How to¶
Highlight a directory tree¶
Use the tree lexer for static directory layouts. It highlights connector glyphs, directory names, filenames, and trailing comments without treating the snippet as a shell transcript:
```tree
python_module
├── tmuxp_plugin_my_plugin_module
│ ├── __init__.py
│ └── plugin.py
└── pyproject.toml # Python project configuration file
```
The aliases directory-tree and dir-tree are equivalent.
Mark up inline commands and paths¶
Use explicit roles when the prose knows what the literal is:
Run {cmd}`tmuxp freeze my-session`, then edit {path}`~/.config/tmuxp/config.yaml`.
Store plugin modules under {dir}`./plugins/`.
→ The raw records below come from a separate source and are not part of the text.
definition vertex_set_invariant :: "'a graph \<Rightarrow> 'a set \<Rightarrow> bool" where
  "vertex_set_invariant G Y \<longleftrightarrow> (\<forall>f. automorphism f G \<longrightarrow> f ` Y = Y)"

definition arc_set_invariant :: "'a graph \<Rightarrow> ('a \<times> 'a) set \<Rightarrow> bool" where
  "arc_set_invariant G Y \<longleftrightarrow> (\<forall>f. automorphism f G \<longrightarrow> arc_map f ` Y = Y)"

end

theory Submission
  imports Defs
begin

(* Call a finite set meeting every copy of K a transversal.  Since copies are finite, only
   finitely many transversals have the minimum size tau, and every automorphism permutes them.
   Let N be their number, w(y) the number of them containing y, m the number of vertices
   (for (2): of arcs) of K, and let Y consist of the points with m * w(y) >= N; Y is invariant
   because w is.  Each copy S meets every minimum transversal, so the weights on S add up to
   at least N, and since |S| = m some point of S lies in Y.  Summing w over all points gives
   N * tau, hence |Y| <= m * tau <= m * |X|.  Only the copies as a family of finite sets of
   bounded size matter, so the same argument applies to vertex sets and to arc sets. *)

section \<open>Transversals of set systems\<close>

definition transversal :: "'v set \<Rightarrow> 'v set set \<Rightarrow> 'v set \<Rightarrow> bool" where
  "transversal V F T \<longleftrightarrow> T \<subseteq> V \<and> finite T \<and> (\<forall>S\<in>F. S \<inter> T \<noteq> {})"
The {cmd} role uses Sphinx’s inline Pygments path with Bash highlighting. The {path} and {dir} roles keep ordinary inline-code styling and add package-owned classes for path-specific CSS.
Enable safe automatic inline highlighting¶
Automatic highlighting of ordinary backtick literals is opt-in:
gp_highlighting_inline_literals = "safe"
gp_highlighting_inline_commands = ["tmuxp", "agentgrep", "unihan-etl"]
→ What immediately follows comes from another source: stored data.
lemma PQ_ops_PQ_at_commute:
  assumes "layer_l2 n h" "length zs = n" "fst p < n" "\<forall>q\<in>set ps. fst q < n \<and> fst q \<noteq> fst p"
  shows "PQ_ops J e ps (PQ_at J e p h) zs = PQ_at J e p (PQ_ops J e ps h) zs"
  using assms
proof (induction ps arbitrary: h zs)
  case Nil then show ?case by simp
next
  case (Cons q ps)
  have qn: "fst q < n" "fst q \<noteq> fst p" using Cons.prems by auto
  have "PQ_ops J e (q # ps) (PQ_at J e p h) zs = PQ_ops J e ps (PQ_at J e q (PQ_at J e p h)) zs" by simp
  also have "\<dots> = PQ_ops J e ps (PQ_at J e p (PQ_at J e q h)) zs"
    by (rule PQ_ops_cong[where n=n]) (use Cons.prems qn in \<open>auto intro: PQ_at_commute\<close>)
  also have "\<dots> = PQ_at J e p (PQ_ops J e ps (PQ_at J e q h)) zs"
    by (rule Cons.IH) (use Cons.prems qn layer_l2_PQ_at in auto)
  finally show ?case by simp
qed

lemma PQ_ops_mset_eq:
  assumes "mset ps = mset ps'" "distinct (map fst ps)" "\<forall>p\<in>set ps. fst p < n" "layer_l2 n h" "length zs = n"
  shows "PQ_ops J e ps h zs = PQ_ops J e ps' h zs"
  using assms
proof (induction ps arbitrary: ps' h zs)
  case Nil then show ?case by simp
next
  case (Cons p ps)
  have "p \<in> set ps'" using Cons.prems(1) by (metis list.set_intros(1) set_mset_mset)
  then obtain xs ys where ps': "ps' = xs @ p # ys" by (meson split_list)
  have m: "mset ps = mset (xs @ ys)" using Cons.prems(1) by (simp add: ps')
  have setxs: "set xs \<subseteq> set ps" using m by (metis Un_iff set_append set_mset_mset subsetI)
  have fxs: "\<forall>q\<in>set xs. fst q < n \<and> fst q \<noteq> fst p"
    using setxs Cons.prems(2,3) by (force simp: image_iff)
  have "PQ_ops J e ps' h zs = PQ_ops J e ys (PQ_at J e p (PQ_ops J e xs h)) zs" by (simp add: ps')
  also have "\<dots> = PQ_ops J e ys (PQ_ops J e xs (PQ_at J e p h)) zs"
  proof (rule PQ_ops_cong[where n=n])
    show "\<forall>q\<in>set ys. fst q < n"
      using m Cons.prems(3) by (metis Un_iff set_append set_mset_mset list.set_intros(2))
    show "length zs = n" by (rule Cons.prems(5))
    fix zs' :: "int list" assume "length zs' = n"
    then show "PQ_at J e p (PQ_ops J e xs h) zs' = PQ_ops J e xs (PQ_at J e p h) zs'"
      using PQ_ops_PQ_at_commute[OF Cons.prems(4) _ _ fxs] Cons.prems(3) by simp
  qed
  also have "\<dots> = PQ_ops J e (xs @ ys) (PQ_at J e p h) zs" by simp
  also have "\<dots> = PQ_ops J e ps (PQ_at J e p h) zs"
    by (rule Cons.IH[symmetric]) (use m Cons.prems layer_l2_PQ_at in auto)
  finally show ?case by simp
qed

lemma sum_PQ_patterns_layer_normsq:
  assumes "layer_l2 n h" "\<forall>c\<in>set cs. c < n"
  shows "(\<Sum>bs\<in>{bs. length bs = length cs}. layer_normsq n (PQ_ops J e (zip cs bs) h)) = layer_normsq n h"
  using assms(2)
proof (induction cs rule: rev_induct)
  case Nil then show ?case by simp
next
  case (snoc c cs)
  define A where "A = {bs :: bool list. length bs = length cs}"
  have fin: "finite A" unfolding A_def using finite_lists_length_eq[of "UNIV :: bool set"] by simp
  have eqset: "{bs. length bs = length (cs @ [c])} = (\<lambda>(bs, b). bs @ [b]) ` (A \<times> UNIV)"
  proof (rule set_eqI, rule iffI)
    fix bs :: "bool list" assume "bs \<in> {bs. length bs = length (cs @ [c])}"
    then have "bs = butlast bs @ [last bs]" "butlast bs \<in> A"
      by (auto simp: A_def intro!: append_butlast_last_id[symmetric])
    then show "bs \<in> (\<lambda>(bs, b). bs @ [b]) ` (A \<times> UNIV)" by force
  qed (auto simp: A_def)
  have inj: "inj_on (\<lambda>(bs, b). bs @ [b]) (A \<times> UNIV)" by (auto simp: inj_on_def)
  have lo: "layer_l2 n (PQ_ops J e (zip cs bs) h)" if "bs \<in> A" for bs
    by (rule layer_l2_PQ_ops[OF assms(1)]) (use snoc.prems in \<open>auto dest: set_zip_leftD\<close>)
  have "(\<Sum>bs\<in>{bs. length bs = length (cs @ [c])}. layer_normsq n (PQ_ops J e (zip (cs @ [c]) bs) h))
      = (\<Sum>p\<in>A \<times> UNIV. layer_normsq n (PQ_ops J e (zip (cs @ [c]) ((\<lambda>(bs, b). bs @ [b]) p)) h))"
    unfolding eqset by (subst sum.reindex[OF inj]) (simp add: o_def)
  also have "\<dots> = (\<Sum>(bs,b)\<in>A \<times> UNIV. layer_normsq n (PQ_at J e (c, b) (PQ_ops J e (zip cs bs) h)))"
    by (rule sum.cong) (auto simp: A_def)
  also have "\<dots> = (\<Sum>bs\<in>A. \<Sum>b\<in>UNIV. layer_normsq n (PQ_at J e (c, b) (PQ_ops J e (zip cs bs) h)))"
    by (rule sum.cartesian_product[symmetric])
  also have "\<dots> = (\<Sum>bs\<in>A. layer_normsq n (PQ_ops J e (zip cs bs) h))"
  proof (rule sum.cong[OF refl])
    fix bs assume "bs \<in> A"
    show "(\<Sum>b\<in>UNIV. layer_normsq n (PQ_at J e (c, b) (PQ_ops J e (zip cs bs) h))) = layer_normsq n (PQ_ops J e (zip cs bs) h)"
      using PQ_at_pythagoras[OF lo[OF \<open>bs \<in> A\<close>], of c] snoc.prems by (simp add: UNIV_bool add.commute)
  qed
  also have "\<dots> = layer_normsq n h" using snoc by (simp add: A_def)
  finally show ?case .
qed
Safe mode only catches shell prompts, configured command names with arguments, and clear filesystem paths or directories. Literals such as module_name and PackageClass stay unchanged.
Use MyST inline language attributes¶
MyST’s attrs_inline extension can still request a lexer directly:
Inline Python code `value = 1`{l=python}
sphinx-gp-highlighting leaves literals that already carry a language alone, so explicit MyST language attributes and the package’s safe auto-detection can coexist.